The focus, he said, must be “customer lifetime value.” More than its media peers, Disney is able to look well outside of film, TV and digital media to enhance that customer value. On the drawing board, for example, is a new planned community outside Palm Springs for Disney fans aged 55 and older, aka “those who want to live the next chapter of their life in a Disney way.”
Chapek defended new pricing and reservations systems at theme parks developed during Covid while they were shut. They’ve helped manage attendance and improve the guest experience, but also generated some controversy. The old systems were antiquated “and treated everyone as one size fits all… We would wear it as a badge of courage,” he said. “The one thing that was clear is that people do not want to be treated the same,” he said. Some patrons are on a budget, others want a more “bespoke” experience.
He said virtual theme park visits are unlikely, even with the burgeoning metaverse. But some behind the scenes looks are possible. “People like to get off attractions and see exactly how those ghosts in the Haunted Mansion work. [They] say, ‘I want to check that out.
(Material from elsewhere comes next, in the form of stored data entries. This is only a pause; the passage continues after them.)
lemma service_start_mass_eq_ecoef:
  assumes bal: "balance_eqs lam g s v a b del p0 p Q" and del: "del = 0 \<or> del = 1"
  shows "service_start_mass lam g a b del p0 p Q r
    = (1 - del) * (\<Sum>m=0..a-1. arr lam g (\<lambda>k. Q k 1) m * (\<Sum>j=m..a-1. ecoef g j m * g (r - j)))
      + (\<Sum>m=a..b. arr lam g (\<lambda>k. p k m 1) r) + arr lam g (\<lambda>k. Q k 1) r"
proof (cases "del = 1")
  case True
  then show ?thesis
    by (simp add: service_start_mass_def)
next
  case False
  with del have "del = 0"
    by simp
  with bal have bal0: "balance_eqs lam g s v a b 0 p0 p Q"
    by simp
  define q where "q m = arr lam g (\<lambda>k. Q k 1) m" for m
  have solved: "lam * p0 j = (\<Sum>m=0..j. ecoef g j m * q m)" if "j \<le> a - 1" for j
    using renewal_solution_ecoef[of "a - 1" "\<lambda>n. lam * p0 n" g q j]
      balance_eqs_dormant_renewal[OF bal0] that
    unfolding q_def by blast
  have "lam * (\<Sum>j=0..a-1. g (r - j) * p0 j) = (\<Sum>j=0..a-1. g (r - j) * (lam * p0 j))"
    by (simp add: sum_distrib_left algebra_simps)
  also have "\<dots> = (\<Sum>j=0..a-1. \<Sum>m=0..j. g (r - j) * (ecoef g j m * q m))"
    by (intro sum.cong refl) (simp add: solved sum_distrib_left)
  also have "\<dots> = (\<Sum>m=0..a-1. \<Sum>j=m..a-1. g (r - j) * (ecoef g j m * q m))"
    by (rule sum_triangle_swap)
  also have "\<dots> = (\<Sum>m=0..a-1. q m * (\<Sum>j=m..a-1. ecoef g j m * g (r - j)))"
    by (simp add: sum_distrib_left algebra_simps)
  finally show ?thesis
    using \<open>del = 0\<close> by (simp add: service_start_mass_def q_def)
qed

lemma service_start_mass_div_tau:
  assumes "balance_eqs lam g s v a b del p0 p Q" and "del = 0 \<or> del = 1"
  shows "service_start_mass lam g a b del p0 p Q r / tau p Q a b
    = (1 - del) * (\<Sum>m=0..a-1. Qplus lam g p Q a b m * (\<Sum>j=m..a-1. ecoef g j m * g (r - j)))
      + (pplus_tot lam g p Q a b r + Qplus lam g p Q a b r)"
  unfolding service_start_mass_eq_ecoef[OF assms] Qplus_def pplus_tot_def pplus_def
  by (simp add: add_divide_distrib flip: sum_divide_distrib)
lemma subword_of_normal_form_not_escapes:
  assumes K: "subgroup K F" and Q: "Q \<subseteq> carrier F"
    and prefixes: "\<And>p. word_eval F (take p (normal_form k)) \<in> K <#> Q"
    and k: "k \<in> carrier F" and nf: "normal_form k = xs @ v @ ys"
  shows "\<exists>q \<in> Q. \<not> escapes K Q q v"
proof -
  obtain \<kappa> q where \<kappa>q: "\<kappa> \<in> K" "q \<in> Q" "word_eval F xs = \<kappa> \<otimes> q"
    using prefixes[of "length xs"] unfolding nf by (auto simp: set_mult_iff)
  have over: "word_over B xs" "word_over B v"
    using normal_form(1)[OF k] unfolding nf by simp_all
  have carr: "\<kappa> \<in> carrier F" "q \<in> carrier F" "word_eval F (take p v) \<in> carrier F" for p
    using \<kappa>q(1,2) K Q word_over_take[OF over(2)] subgroup.mem_carrier by auto
  have "q \<otimes> word_eval F (take p v) \<in> K <#> Q" for p
  proof -
    have "take (length xs + min p (length v)) (xs @ v @ ys) = xs @ take p v"
      by (simp add: min_def)
    moreover have "word_eval F (xs @ take p v) = (\<kappa> \<otimes> q) \<otimes> word_eval F (take p v)"
      unfolding \<kappa>q(3)[symmetric]
      by (rule word_eval_append) (simp_all only: basis_word_carrier over word_over_take)
    ultimately have "\<kappa> \<otimes> (q \<otimes> word_eval F (take p v)) \<in> K <#> Q"
      using prefixes[of "length xs + min p (length v)"] carr unfolding nf by (simp add: m_assoc)
    then show ?thesis using set_mult_mult_left_iff[OF K Q \<kappa>q(1)] carr by simp
  qed
  then show ?thesis using \<kappa>q(2) by (auto simp: escapes_def)
qed

lemma set_mult_covers_carrier:
  assumes K: "subgroup K F" and Q: "Q \<subseteq> carrier F" and x: "x \<in> carrier F"
    and c: "c \<in> B" "c \<noteq> fst e" and m: "m > (0::nat)" "x \<otimes> c [^] m \<otimes> inv x \<in> K"
    and ext: "\<And>v. word_over B v \<Longrightarrow> reduced_word v \<Longrightarrow> v = [] \<or> hd v \<noteq> inv_letter e \<Longrightarrow>
      x \<otimes> word_eval F v \<in> K <#> Q"
  shows "carrier F \<subseteq> K <#> Q"
proof
  fix y assume y: "y \<in> carrier F"
  have cc: "c \<in> carrier F" using c(1) basis_subset by blast
  have ce: "(c, True) \<noteq> inv_letter e" "e \<noteq> inv_letter (c, True)" "e \<noteq> (c, True)"
    using c(2) by (cases e; auto simp: inv_letter_def)+
  define v where "v = normal_form (inv x \<otimes> y)"
  have v: "word_over B v" "reduced_word v" "word_eval F v = inv x \<otimes> y"
    using normal_form x y by (simp_all add: v_def)
  have xv: "x \<otimes> word_eval F v = y" using v(3) x y by simp
  show "y \<in> K <#> Q"
  proof (cases "v = [] \<or> hd v \<noteq> inv_letter e")
    case True
    then show ?thesis using ext[OF v(1,2)] xv by simp
  next
    case False
    let ?v = "replicate m (c, True) @ v"
    have "reduced_word ?v" "hd ?v \<noteq> inv_letter e"
      using False v(2) m(1) ce by (simp_all add: reduced_word_append reduced_word_replicate)
    then have "x \<otimes> word_eval F ?v \<in> K <#> Q" using ext v(1) c(1) m(1) by simp
    moreover have "x \<otimes> word_eval F ?v = (x \<otimes> c [^] m \<otimes> inv x) \<otimes> y"
      using v(1) cc x y xv[symmetric]
      by (simp add: word_eval_append basis_word_carrier word_eval_replicate letter_eval_def m_assoc)
    ultimately show ?thesis
      using set_mult_mult_left_iff[OF K Q m(2)] y by simp
  qed
qed
lemma stable_fixed_point_in_unit_interval:
  fixes r :: "'k::finite \<Rightarrow> real"
  assumes rho_pos: "\<And>k. 0 < rho$k" and S_sym: "\<And>k l. S$k$l = S$l$k"
    and S_pos: "\<And>k l. 0 < S$k$l"
    and fixed: "\<And>k. Gamma_apply rho S (\<lambda>l. 1 - r l) k = (1 - r k) / r k"
    and stable: "\<And>w. Gamma_form rho S w \<le> (\<Sum>k\<in>UNIV. rho$k * (1 / (r k)^2) * (w k)^2)"
    and lam: "lambda_max (Omega_mat rho S) > 1"
  shows "0 < r k \<and> r k < 1"
proof -
  have le1: "r l \<le> 1" for l
    using stable_fixed_point_le_one[OF rho_pos _ fixed stable] S_pos less_imp_le by blast
  obtain j where "r j \<noteq> 1" using stable_not_all_one[OF rho_pos S_sym S_pos stable lam] by blast
  then have "0 < 1 - r j" using le1[of j] by simp
  then have "0 < (1 - r k) / r k"
    using Gamma_apply_pos[OF S_pos rho_pos, of "\<lambda>l. 1 - r l" j k] le1 fixed[of k] by simp
  then show ?thesis using le1[of k] by (auto simp: zero_less_divide_iff)
qed

theorem mainTheorem10:
  fixes rho :: "real^'k::finite" and S :: "real^'k^'k"
    and g :: "complex \<Rightarrow> complex^'k" and g1 :: "complex^'k"
  assumes rho_pos: "\<And>k. 0 < rho $ k" and rho_lt1: "\<And>k. rho $ k < 1"
    and rho_sum: "(\<Sum>k\<in>UNIV. rho $ k) = 1"
    and S_sym: "\<And>k l. S $ k $ l = S $ l $ k"
    and S_pos: "\<And>k l. 0 < S $ k $ l"
    and g_sol: "\<And>z. Im z < 0 \<Longrightarrow> (\<forall>k. 0 < Im (g z $ k)) \<and> QVE rho S z (g z)"
    and g_uniq: "\<And>z h. Im z < 0 \<Longrightarrow> (\<forall>k. 0 < Im (h $ k)) \<Longrightarrow> QVE rho S z h \<Longrightarrow> h = g z"
    and g1_lim: "(g \<longlongrightarrow> g1) (at 1 within {z. Im z < 0})"
    and lam: "lambda_max (Omega_mat rho S) > 1"
  shows "\<forall>k. Im (g1 $ k) = 0 \<and> 0 < Re (g1 $ k) \<and> Re (g1 $ k) < 1"
proof -
  let ?F = "at (1::complex) within {z. Im z < 0}"
  have F: "?F \<noteq> bot" by (rule at_within_lower_half_plane_neq_bot) simp
  have sol: "eventually (\<lambda>z. Im z \<le> 0 \<and> (\<forall>k. 0 < Im (g z $ k)) \<and> QVE rho S z (g z)) ?F"
    using g_sol by (simp add: eventually_at_filter less_imp_le)
  have S_nn: "0 \<le> S$k$l" and rho_nn: "0 \<le> rho$k" for k l
    using S_pos[of k l] rho_pos[of k] by simp_all
  have g1_sol: "QVE rho S 1 g1"
    by (rule QVE_tendsto[OF F _ g1_lim tendsto_ident_at]) (rule eventually_mono[OF sol], simp)
  have "0 \<le> Im (g1$k)" for k
    by (rule tendsto_le[OF F tendsto_Im[OF tendsto_vec_nth[OF g1_lim]] tendsto_const])
      (rule eventually_mono[OF sol], simp add: less_imp_le)
  then have real: "Im (g1$k) = 0" for k by (rule QVE_one_Im_eq_zero[OF rho_pos S_sym g1_sol])
  have stable: "Gamma_form rho S w \<le> (\<Sum>k\<in>UNIV. rho$k * (1 / (Re (g1$k))^2) * (w k)^2)" for w
    using Gamma_form_le_at_limit[OF S_sym S_nn rho_nn F g1_lim QVE_nonzero[OF g1_sol] sol] real
    by (simp add: cmod_power2)
  have "0 < Re (g1$k) \<and> Re (g1$k) < 1" for k
    by (rule stable_fixed_point_in_unit_interval[OF rho_pos S_sym S_pos
          QVE_one_real_fixed_point[OF g1_sol real] stable lam])
  then show ?thesis using real by blast
qed

end
lemma iota_stuffle_singleton:
  assumes "pos_word v" "k \<ge> 1"
  shows "iota_stuffle [k] v = (\<Sum>j\<le>length v. wp (iota (take j v @ k # drop j v)))
     + (\<Sum>j<length v. wp (iota (take j v @ (k + v ! j) # drop (Suc j) v)))"
proof
  fix w
  let ?C = "{c. pos_word c \<and> iota c = w}"
  have pos: "pos_word (take j v @ k # drop j v)" "pos_word (take j v @ (k + v ! j) # drop (Suc j) v)"
    for j using assms by (auto simp: pos_word_def dest: in_set_takeD in_set_dropD)
  have "iota_stuffle [k] v w
      = (\<Sum>c\<in>?C. (\<Sum>j\<le>length v. if c = take j v @ k # drop j v then 1 else 0)
          + (\<Sum>j<length v. if c = take j v @ (k + v ! j) # drop (Suc j) v then 1 else (0::rat)))"
    unfolding iota_stuffle_def stc_singleton by (simp add: if_distrib cong: if_cong)
  also have "\<dots> = (\<Sum>j\<le>length v. \<Sum>c\<in>?C. if c = take j v @ k # drop j v then 1 else 0)
      + (\<Sum>j<length v. \<Sum>c\<in>?C. if c = take j v @ (k + v ! j) # drop (Suc j) v then 1 else (0::rat))"
    by (simp only: sum.distrib) (rule arg_cong2[where f = "(+)"]; rule sum.swap)
  finally show "iota_stuffle [k] v w = ((\<Sum>j\<le>length v. wp (iota (take j v @ k # drop j v)))
      + (\<Sum>j<length v. wp (iota (take j v @ (k + v ! j) # drop (Suc j) v)))) w"
    by (simp add: sum_iota_preimage_delta pos sum_fun_apply)
qed

lemma iota_replicate_2: "iota (replicate i 2) = concat (replicate i [X0, X1])"
  by (simp add: iota_def)

lemma length_concat_replicate_X0_X1: "length (concat (replicate i [X0, X1])) = 2 * i"
  by (induction i) auto

lemma concat_replicate_X0_X1_split:
  assumes "i < n"
  shows "concat (replicate n [X0, X1])
       = concat (replicate i [X0, X1]) @ X0 # X1 # concat (replicate (n - 1 - i) [X0, X1])"
proof -
  obtain m where n: "n = i + Suc m" using assms by (metis add_Suc_right less_imp_Suc_add)
  show ?thesis
    unfolding n by (simp only: replicate_add concat_append replicate_Suc concat.simps) simp
qed
(* Let $\kappa$ be an uncountable cardinal and let $X$ be either the Cantor cube $\{0,1\}^\kappa$ or the Tychonoff cube $[0,1]^\kappa$ (product topology). Then $X$ is reconstructible. Moreover, for every $x \in X$ the card $X \setminus \{x\}$ is not compact, not paracompact, not Lindel\"of and not normal.
   Context: For a topological space $X$ and $x \in X$, the set $X\setminus\{x\}$ carries the subspace topology. A card of $X$ is a space homeomorphic to $X \setminus \{x\}$ for some $x \in X$. The deck of $X$ is $\mathcal{D}(X)=\{[X\setminus\{x\}]_\sim : x \in X\}$, where $[Y]_\sim$ denotes the homeomorphism class of $Y$. A space $Z$ is a reconstruction of $X$ if $\mathcal{D}(Z)=\mathcal{D}(X)$. A space $X$ is reconstructible if every reconstruction of $X$ is homeomorphic to $X$. *)

theory Defs
  imports "HOL-Analysis.Analysis"
begin

definition deleted_card :: "'a topology \<Rightarrow> 'a \<Rightarrow> 'a topology" where
  "deleted_card X x = subtopology X (topspace X - {x})"

text \<open>Equality of decks: the sets of homeomorphism classes of cards coincide.\<close>
definition same_deck :: "'a topology \<Rightarrow> 'b topology \<Rightarrow> bool" where
  "same_deck X Z \<longleftrightarrow>
     (\<forall>x\<in>topspace X. \<exists>z\<in>topspace Z. deleted_card X x homeomorphic_space deleted_card Z z) \<and>
     (\<forall>z\<in>topspace Z. \<exists>x\<in>topspace X. deleted_card Z z homeomorphic_space deleted_card X x)"

definition is_reconstruction :: "'b topology \<Rightarrow> 'a topology \<Rightarrow> bool" where
  "is_reconstruction Z X \<longleftrightarrow> same_deck Z X"

definition paracompact_space :: "'a topology \<Rightarrow> bool" where
  "paracompact_space X \<longleftrightarrow>
     (\<forall>\<U>. (\<forall>U\<in>\<U>. openin X U) \<and> topspace X \<subseteq> \<Union>\<U> \<longrightarrow>
        (\<exists>\<V>. (\<forall>V\<in>\<V>. openin X V) \<and> topspace X \<subseteq> \<Union>\<V> \<and>
              (\<forall>V\<in>\<V>. \<exists>U\<in>\<U>. V \<subseteq> U) \<and> locally_finite_in X \<V>))"

end

theory Submission
  imports Defs
begin

text \<open>
  The heart of the matter is that on a card \<open>X - {x}\<close> of \<open>X = S\<^sup>K\<close>, \<open>K\<close> uncountable, every
  continuous real function \<open>f\<close> satisfies the Cauchy criterion at \<open>x\<close>. Otherwise pairs of points
  arbitrarily close to \<open>x\<close> on more and more coordinates witness oscillation \<open>> e\<close>; closing off
  countably often under the finite sets of coordinates controlling \<open>f\<close> near these points gives a
  countable set \<open>C\<close> of coordinates. Changing \<open>x\<close> in a coordinate outside \<open>C\<close> gives a point \<open>q\<close>,
  and the point that agrees with a witness on \<open>C\<close> and with \<open>q\<close> elsewhere is controlled both by
  the witness and by \<open>q\<close>, so all witnesses have \<open>f\<close>-values near \<open>f q\<close>.

  Hence no Urysohn function separates two disjoint closed subsets of the card accumulating at
  \<open>x\<close>, and such sets exist (points agreeing with \<open>x\<close> on a countable infinite \<open>A\<close>, resp. on
  \<open>K - A\<close>): the card is not normal, so not paracompact. It is not Lindel\<ouml>f, since the cover by
  the sets \<open>{y. y k \<noteq> x k}\<close> needs uncountably many members, and not compact as \<open>{x}\<close> is not open.

  For a reconstruction \<open>Z\<close>, all cards are Hausdorff, locally compact and dense in themselves, so
  \<open>Z\<close> is as well. A homeomorphism \<open>g\<close> between cards \<open>X - {x}\<close> and \<open>Z - {z}\<close> extends by
  \<open>x \<mapsto> z\<close>: continuity at \<open>x\<close> follows from the Cauchy criterion for \<open>\<phi> \<circ> g\<close>, \<open>\<phi>\<close> an Urysohn
  function of \<open>z\<close>; and a continuous bijection from the compact \<open>X\<close> onto the Hausdorff \<open>Z\<close> is a
  homeomorphism.
\<close>

lemma topspace_deleted_card [simp]: "topspace (deleted_card X x) = topspace X - {x}"
  by (auto simp: deleted_card_def)

lemma openin_deleted_card:
  assumes "t1_space X"
  shows "openin (deleted_card X x) U \<longleftrightarrow> openin X U \<and> x \<notin> U"
proof -
  have "openin X (topspace X - {x})"
    using assms by (simp add: t1_space_openin_delete_alt)
  then show ?thesis
    unfolding deleted_card_def by (auto simp: openin_open_subtopology dest: openin_subset)
qed

lemma not_compact_space_deleted_card:
  assumes "Hausdorff_space X" "x \<in> topspace X" "\<not> openin X {x}"
  shows "\<not> compact_space (deleted_card X x)"
proof
  assume "compact_space (deleted_card X x)"
  then have "compactin X (topspace X - {x})"
    by (simp add: deleted_card_def compactin_subspace)
  then have "closedin X (topspace X - {x})"
    using assms(1) compactin_imp_closedin by blast
  then show False
    using assms(2,3) by (simp add: closedin_def Diff_Diff_Int)
qed

section \<open>Paracompact regular spaces are normal\<close>

lemma paracompact_space_shrink_closure:
  assumes para: "paracompact_space T" and S: "closedin T S"
    and nbhds: "\<And>p. p \<in> S \<Longrightarrow> \<exists>U. openin T U \<and> p \<in> U \<and> disjnt (T closure_of U) R"
  obtains V where "openin T V" "S \<subseteq> V" "disjnt (T closure_of V) R"
proof -
  obtain U where U: "\<And>p. p \<in> S \<Longrightarrow> openin T (U p) \<and> p \<in> U p \<and> disjnt (T closure_of (U p)) R"
    using nbhds by metis
  define \<U> where "\<U> = insert (topspace T - S) (U ` S)"
  have "\<forall>W\<in>\<U>. openin T W"
    using U S unfolding \<U>_def by blast
  moreover have "topspace T \<subseteq> \<Union>\<U>"
    using U unfolding \<U>_def by blast
  ultimately obtain \<V> where \<V>: "\<forall>V\<in>\<V>. openin T V" "topspace T \<subseteq> \<Union>\<V>"
      "\<forall>V\<in>\<V>. \<exists>W\<in>\<U>. V \<subseteq> W" "locally_finite_in T \<V>"
    using para unfolding paracompact_space_def by (elim allE[of _ \<U>]) blast
  define \<W> where "\<W> = {V \<in> \<V>. V \<inter> S \<noteq> {}}"
  have closure_V: "disjnt (T closure_of V) R" if "V \<in> \<W>" for V
  proof -
    have "V \<in> \<V>" "V \<inter> S \<noteq> {}"
      using that by (auto simp: \<W>_def)
    then obtain W where "W \<in> \<U>" "V \<subseteq> W"
      using \<V>(3) by blast
    with \<open>V \<inter> S \<noteq> {}\<close> obtain p where "p \<in> S" "V \<subseteq> U p"
      unfolding \<U>_def by blast
    then have "T closure_of V \<subseteq> T closure_of U p"
      by (simp add: closure_of_mono)
    with U[OF \<open>p \<in> S\<close>] show ?thesis
      using disjnt_subset1 by blast
  qed
  show thesis
  proof
    show "openin T (\<Union>\<W>)"
      using \<V>(1) unfolding \<W>_def by blast
    show "S \<subseteq> \<Union>\<W>"
      using \<V>(2) closedin_subset[OF S] unfolding \<W>_def by blast
    have "locally_finite_in T \<W>"
      by (rule locally_finite_in_subset[OF \<V>(4)]) (auto simp: \<W>_def)
    then have "T closure_of \<Union>\<W> = (\<Union>V\<in>\<W>. T closure_of V)"
      by (rule closure_of_locally_finite_Union)
    then show "disjnt (T closure_of \<Union>\<W>) R"
      using closure_V by (simp add: disjnt_Union1)
  qed
qed
(* Consider a discounted Markov decision problem and the policy mirror descent method as described in the context, with $\pi^{(0)}\in\operatorname{rint}\Pi$ and constant step size $\eta_k=\eta>0$ for all $k\ge0$. Then for any $\rho\in\Delta(\mathcal{S})$ and all $k\ge0$, \[ V_\rho(\pi^{(k)})-V_\rho^\star\le\frac1{k+1}\left(\frac{D^\star_0}{\eta(1-\gamma)}+\frac1{(1-\gamma)^2}\right). \]
   Context: A discounted Markov decision problem (cost-minimization form): finite state set $\mathcal{S}$, finite action set $\mathcal{A}$, transition probabilities $P(s'|s,a)$, cost $R:\mathcal{S}\times\mathcal{A}\to[0,1]$, discount $\gamma\in[0,1)$. Policies $\Pi=\Delta(\mathcal{A})^{|\mathcal{S}|}$, $\pi=(\pi_s)_s$ with $\pi_s\in\Delta(\mathcal{A})$; $\operatorname{rint}\Pi$ is the set of policies with all entries $\pi_{s,a}>0$. $V_s(\pi)=\mathbf{E}\bigl[\sum_{t\ge0}\gamma^tR(s_t,a_t)\mid s_0=s\bigr]$ with $a_t\sim\pi_{s_t}$, $s_{t+1}\sim P(\cdot|s_t,a_t)$; $V_\rho(\pi)=\sum_s\rho_sV_s(\pi)$; $V^\star_\rho=\min_{\pi\in\Pi}V_\rho(\pi)$; $\pi^\star$ denotes a policy minimizing $V_s$ simultaneously for all $s$. $Q_{s,a}(\pi)=R_{s,a}+\gamma\sum_{s'}P(s'|s,a)V_{s'}(\pi)$, $Q_s(\pi)\in\mathbf{R}^{|\mathcal{A}|}$. Discounted state visitation: $d_{s,s'}(\pi)=(1-\gamma)\sum_{t\ge0}\gamma^t\Pr^\pi(s_t=s'\mid s_0=s)$, $d_{\rho,s'}(\pi)=\sum_s\rho_sd_{s,s'}(\pi)$. Bregman divergence: $h:\mathbf{R}^{|\mathcal{A}|}\to\mathbf{R}\cup\{+\infty\}$ is a convex function of Legendre type (proper, closed, essentially smooth, strictly convex on the relative interior of its domain) with $\Delta(\mathcal{A})\subseteq\operatorname{dom}h$ and $\operatorname{rint}\Delta(\mathcal{A})\subseteq\operatorname{rint}\operatorname{dom}h$ (e.g. $h=\frac12\|\cdot\|_2^2$, or negative entropy $h(p)=\sum_ap_a\log p_a$); $D(p,p')=h(p)-h(p')-\langle\nabla h(p'),p-p'\rangle$ for $p\in\operatorname{dom}h$, $p'\in\operatorname{rint}\operatorname{dom}h$. Policy mirror descent: given $\pi^{(0)}$ and step sizes $\eta_k>0$, for each $s\in\mathcal{S}$, $\pi^{(k+1)}_s=\arg\min_{p\in\Delta(\mathcal{A})}\{\eta_k\langle Q_s(\pi^{(k)}),p\rangle+D(p,\pi^{(k)}_s)\}$ (the iterates are well defined and remain in $\operatorname{rint}\operatorname{dom}h$). Notation: $D^\star_k=\sum_{s\in\mathcal{S}}d_{\rho,s}(\pi^\star)D(\pi^\star_s,\pi^{(k)}_s)$. *)

theory Defs
  imports "HOL-Analysis.Analysis"
begin

definition act_simplex :: "(real ^ 'a::finite) set" where
  "act_simplex = {p. (\<forall>a. 0 \<le> p $ a) \<and> (\<Sum>a\<in>UNIV. p $ a) = 1}"

definition policies :: "('s::finite \<Rightarrow> real ^ 'a::finite) set" where
  "policies = {\<pi>. \<forall>s. \<pi> s \<in> act_simplex}"

definition rint_policies :: "('s::finite \<Rightarrow> real ^ 'a::finite) set" where
  "rint_policies = {\<pi>. \<forall>s. \<pi> s \<in> rel_interior act_simplex}"

definition is_mdp :: "('s::finite \<Rightarrow> 'a::finite \<Rightarrow> 's \<Rightarrow> real) \<Rightarrow> ('s \<Rightarrow> 'a \<Rightarrow> real) \<Rightarrow> real \<Rightarrow> bool" where
  "is_mdp P R \<gamma> \<longleftrightarrow>
     (\<forall>s a s'. 0 \<le> P s a s') \<and> (\<forall>s a. (\<Sum>s'\<in>UNIV. P s a s') = 1) \<and>
     (\<forall>s a. 0 \<le> R s a \<and> R s a \<le> 1) \<and> 0 \<le> \<gamma> \<and> \<gamma> < 1"

definition Ppol :: "('s::finite \<Rightarrow> 'a::finite \<Rightarrow> 's \<Rightarrow> real) \<Rightarrow> ('s \<Rightarrow> real ^ 'a) \<Rightarrow> 's \<Rightarrow> 's \<Rightarrow> real" where
  "Ppol P \<pi> s s' = (\<Sum>a\<in>UNIV. \<pi> s $ a * P s a s')"

text \<open>t-step probabilities Pr^pi(s_t = s' | s_0 = s).\<close>
fun Pstep :: "('s::finite \<Rightarrow> 'a::finite \<Rightarrow> 's \<Rightarrow> real) \<Rightarrow> ('s \<Rightarrow> real ^ 'a) \<Rightarrow> nat \<Rightarrow> 's \<Rightarrow> 's \<Rightarrow> real" where
  "Pstep P \<pi> 0 s s' = (if s = s' then 1 else 0)"
| "Pstep P \<pi> (Suc t) s s' = (\<Sum>s''\<in>UNIV. Pstep P \<pi> t s s'' * Ppol P \<pi> s'' s')"

text \<open>V_s(pi) = E[ sum_t gamma^t R(s_t,a_t) | s_0 = s ], written out:
  Pr(s_t = s', a_t = a) = Pstep t s s' * pi_{s'}(a).\<close>
definition V :: "('s::finite \<Rightarrow> 'a::finite \<Rightarrow> 's \<Rightarrow> real) \<Rightarrow> ('s \<Rightarrow> 'a \<Rightarrow> real) \<Rightarrow> real \<Rightarrow> ('s \<Rightarrow> real ^ 'a) \<Rightarrow> 's \<Rightarrow> real" where
  "V P R \<gamma> \<pi> s = (\<Sum>t. \<gamma> ^ t * (\<Sum>s'\<in>UNIV. \<Sum>a\<in>UNIV. Pstep P \<pi> t s s' * \<pi> s' $ a * R s' a))"

definition Vrho :: "('s::finite \<Rightarrow> 'a::finite \<Rightarrow> 's \<Rightarrow> real) \<Rightarrow> ('s \<Rightarrow> 'a \<Rightarrow> real) \<Rightarrow> real \<Rightarrow> ('s \<Rightarrow> real) \<Rightarrow> ('s \<Rightarrow> real ^ 'a) \<Rightarrow> real" where
  "Vrho P R \<gamma> \<rho> \<pi> = (\<Sum>s\<in>UNIV. \<rho> s * V P R \<gamma> \<pi> s)"

definition Vstar :: "('s::finite \<Rightarrow> 'a::finite \<Rightarrow> 's \<Rightarrow> real) \<Rightarrow> ('s \<Rightarrow> 'a \<Rightarrow> real) \<Rightarrow> real \<Rightarrow> ('s \<Rightarrow> real) \<Rightarrow> real" where
  "Vstar P R \<gamma> \<rho> = (INF \<pi>\<in>policies. Vrho P R \<gamma> \<rho> \<pi>)"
It’s usually the reason why rides stop… We can give you that ability, to exit the theme park virtually and figure out what makes that tick.”
Then, when you’re watching Disney+, The Haunted Mansion movie will be served up as your first choice, not buried on page four.”
On a personal note, Chapek, soft-spoken and collected in public appearances, got a bit emotional recalling the Covid shutdown — of parks and everything else — just a few weeks into his tenure as Disney CEO. He’d run parks for years before and said the worst contingency until then had been shutting down for a few days during a hurricane, and even that had been “almost unimaginable.”